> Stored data

(* Let $\alpha>0$, $\delta>0$, $S\ge0$, $D>0$. Let $N_1,N_2\ge1$ and let $p_{i,k}$ ($i,k\in\{1,\dots,N_1\}$), $q_{j,k}$ ($j,k\in\{1,\dots,N_2\}$), $r_{i,k}$ ($i\in\{1,\dots,N_1\},k\in\{1,\dots,N_2\}$) be continuous real functions of $t\ge0$ with $p_{i,k}=p_{k,i}\ge S$, $q_{j,k}=q_{k,j}\ge S$ and $0\le r_{i,k}\le D$. Let $(x^{(1)},x^{(2)}):[0,\infty)\to\mathbb{R}^{N_1}\times\mathbb{R}^{N_2}$ be a $C^1$ solution of $$\frac{d}{dt}x^{(1)}_i=\alpha\sum_{k=1}^{N_1}p_{k,i}\bigl(x^{(1)}_k-x^{(1)}_i\bigr)-\alpha\sum_{k=1}^{N_2}r_{i,k}\bigl(x^{(2)}_k-x^{(1)}_i\bigr)+\delta x^{(1)}_i\bigl(1-(x^{(1)}_i)^2\bigr),$$ $$\frac{d}{dt}x^{(2)}_j=\alpha\sum_{k=1}^{N_2}q_{k,j}\bigl(x^{(2)}_k-x^{(2)}_j\bigr)-\alpha\sum_{k=1}^{N_1}r_{k,j}\bigl(x^{(1)}_k-x^{(2)}_j\bigr)+\delta x^{(2)}_j\bigl(1-(x^{(2)}_j)^2\bigr).$$ Then $$\frac{d}{dt}M_2=-\frac{\alpha}{N_1}\sum_{i,k=1}^{N_1}p_{k,i}(x^{(1)}_k-x^{(1)}_i)^2-\frac{2\alpha}{N_1}\sum_{k=1}^{N_2}\sum_{i=1}^{N_1}r_{i,k}(x^{(2)}_k-x^{(1)}_i)x^{(1)}_i+\frac{2\delta}{N_1}\sum_{i=1}^{N_1}(x^{(1)}_i)^2\bigl(1-(x^{(1)}_i)^2\bigr)$$ $$\qquad-\frac{\alpha}{N_2}\sum_{j,k=1}^{N_2}q_{k,j}(x^{(2)}_k-x^{(2)}_j)^2-\frac{2\alpha}{N_2}\sum_{k=1}^{N_1}\sum_{j=1}^{N_2}r_{k,j}(x^{(1)}_k-x^{(2)}_j)x^{(2)}_j+\frac{2\delta}{N_2}\sum_{j=1}^{N_2}(x^{(2)}_j)^2\bigl(1-(x^{(2)}_j)^2\bigr),$$ and there exists a constant $M_2^\infty<\infty$ (depending only on $\alpha,\delta,D,N_1,N_2$ and $M_2(0)$) such that $\sup_{0\le t<\infty}M_2(t)\le M_2^\infty$.
   Context: This is the two-group form of the attractive–repulsive Allen–Cahn system $\frac{d}{dt}x_i=\alpha\sum_{j}(a_{i,j}-\beta_{i,j})(x_j-x_i)+\delta x_i(1-x_i^2)$ on $N=N_1+N_2$ nodes split into groups $\mathcal{I}_1$ (features $x^{(1)}_i$) and $\mathcal{I}_2$ (features $x^{(2)}_j$): within a group the coefficient $a_{i,j}-\beta_{i,j}$ is $p$ or $q$ (attraction, at least $S$), and between groups $a_{i,j}-\beta_{i,j}=-r$ (repulsion, of size at most $D$). Notation: $M_2(V)=\frac1{N_1}\sum_{i=1}^{N_1}(x^{(1)}_i)^2$, $M_2(W)=\frac1{N_2}\sum_{j=1}^{N_2}(x^{(2)}_j)^2$, $M_2=M_2(V)+M_2(W)$. *)

theory Defs
  imports "HOL-Analysis.Analysis"
begin

definition M2grp :: "nat \<Rightarrow> (nat \<Rightarrow> real) \<Rightarrow> real" where
  "M2grp N v = (1 / real N) * (\<Sum>i=1..N. (v i)^2)"

definition M2tot :: "nat \<Rightarrow> nat \<Rightarrow> (nat \<Rightarrow> real) \<Rightarrow> (nat \<Rightarrow> real) \<Rightarrow> real" where
  "M2tot N1 N2 v w = M2grp N1 v + M2grp N2 w"

definition rhs1 :: "real \<Rightarrow> real \<Rightarrow> nat \<Rightarrow> nat \<Rightarrow>
    (nat \<Rightarrow> nat \<Rightarrow> real \<Rightarrow> real) \<Rightarrow> (nat \<Rightarrow> nat \<Rightarrow> real \<Rightarrow> real) \<Rightarrow>
    (real \<Rightarrow> nat \<Rightarrow> real) \<Rightarrow> (real \<Rightarrow> nat \<Rightarrow> real) \<Rightarrow> real \<Rightarrow> nat \<Rightarrow> real" where
  "rhs1 \<alpha> \<delta> N1 N2 p r x1 x2 t i =
     \<alpha> * (\<Sum>k=1..N1. p k i t * (x1 t k - x1 t i))
     - \<alpha> * (\<Sum>k=1..N2. r i k t * (x2 t k - x1 t i))
     + \<delta> * x1 t i * (1 - (x1 t i)^2)"

definition rhs2 :: "real \<Rightarrow> real \<Rightarrow> nat \<Rightarrow> nat \<Rightarrow>
    (nat \<Rightarrow> nat \<Rightarrow> real \<Rightarrow> real) \<Rightarrow> (nat \<Rightarrow> nat \<Rightarrow> real \<Rightarrow> real) \<Rightarrow>
    (real \<Rightarrow> nat \<Rightarrow> real) \<Rightarrow> (real \<Rightarrow> nat \<Rightarrow> real) \<Rightarrow> real \<Rightarrow> nat \<Rightarrow> real" where
  "rhs2 \<alpha> \<delta> N1 N2 q r x1 x2 t j =
     \<alpha> * (\<Sum>k=1..N2. q k j t * (x2 t k - x2 t j))
     - \<alpha> * (\<Sum>k=1..N1. r k j t * (x1 t k - x2 t j))
     + \<delta> * x2 t j * (1 - (x2 t j)^2)"

definition dM2 :: "real \<Rightarrow> real \<Rightarrow> nat \<Rightarrow> nat \<Rightarrow>
    (nat \<Rightarrow> nat \<Rightarrow> real \<Rightarrow> real) \<Rightarrow> (nat \<Rightarrow> nat \<Rightarrow> real \<Rightarrow> real) \<Rightarrow> (nat \<Rightarrow> nat \<Rightarrow> real \<Rightarrow> real) \<Rightarrow>
    (real \<Rightarrow> nat \<Rightarrow> real) \<Rightarrow> (real \<Rightarrow> nat \<Rightarrow> real) \<Rightarrow> real \<Rightarrow> real" where
  "dM2 \<alpha> \<delta> N1 N2 p q r x1 x2 t =
     - \<alpha> / real N1 * (\<Sum>i=1..N1. \<Sum>k=1..N1. p k i t * (x1 t k - x1 t i)^2)
     - 2 * \<alpha> / real N1 * (\<Sum>k=1..N2. \<Sum>i=1..N1. r i k t * (x2 t k - x1 t i) * x1 t i)
     + 2 * \<delta> / real N1 * (\<Sum>i=1..N1. (x1 t i)^2 * (1 - (x1 t i)^2))
     - \<alpha> / real N2 * (\<Sum>j=1..N2. \<Sum>k=1..N2. q k j t * (x2 t k - x2 t j)^2)
     - 2 * \<alpha> / real N2 * (\<Sum>k=1..N1. \<Sum>j=1..N2. r k j t * (x1 t k - x2 t j) * x2 t j)
     + 2 * \<delta> / real N2 * (\<Sum>j=1..N2. (x2 t j)^2 * (1 - (x2 t j)^2))"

> Problem to work on
Find the line that contains "- 2 * \<alpha> / real N2". Restate it and all lines after it exactly, ending with the final line of the data.

> Task solution
     - 2 * \<alpha> / real N2 * (\<Sum>k=1..N1. \<Sum>j=1..N2. r k j t * (x1 t k - x2 t j) * x2 t j)
     + 2 * \<delta> / real N2 * (\<Sum>j=1..N2. (x2 t j)^2 * (1 - (x2 t j)^2))"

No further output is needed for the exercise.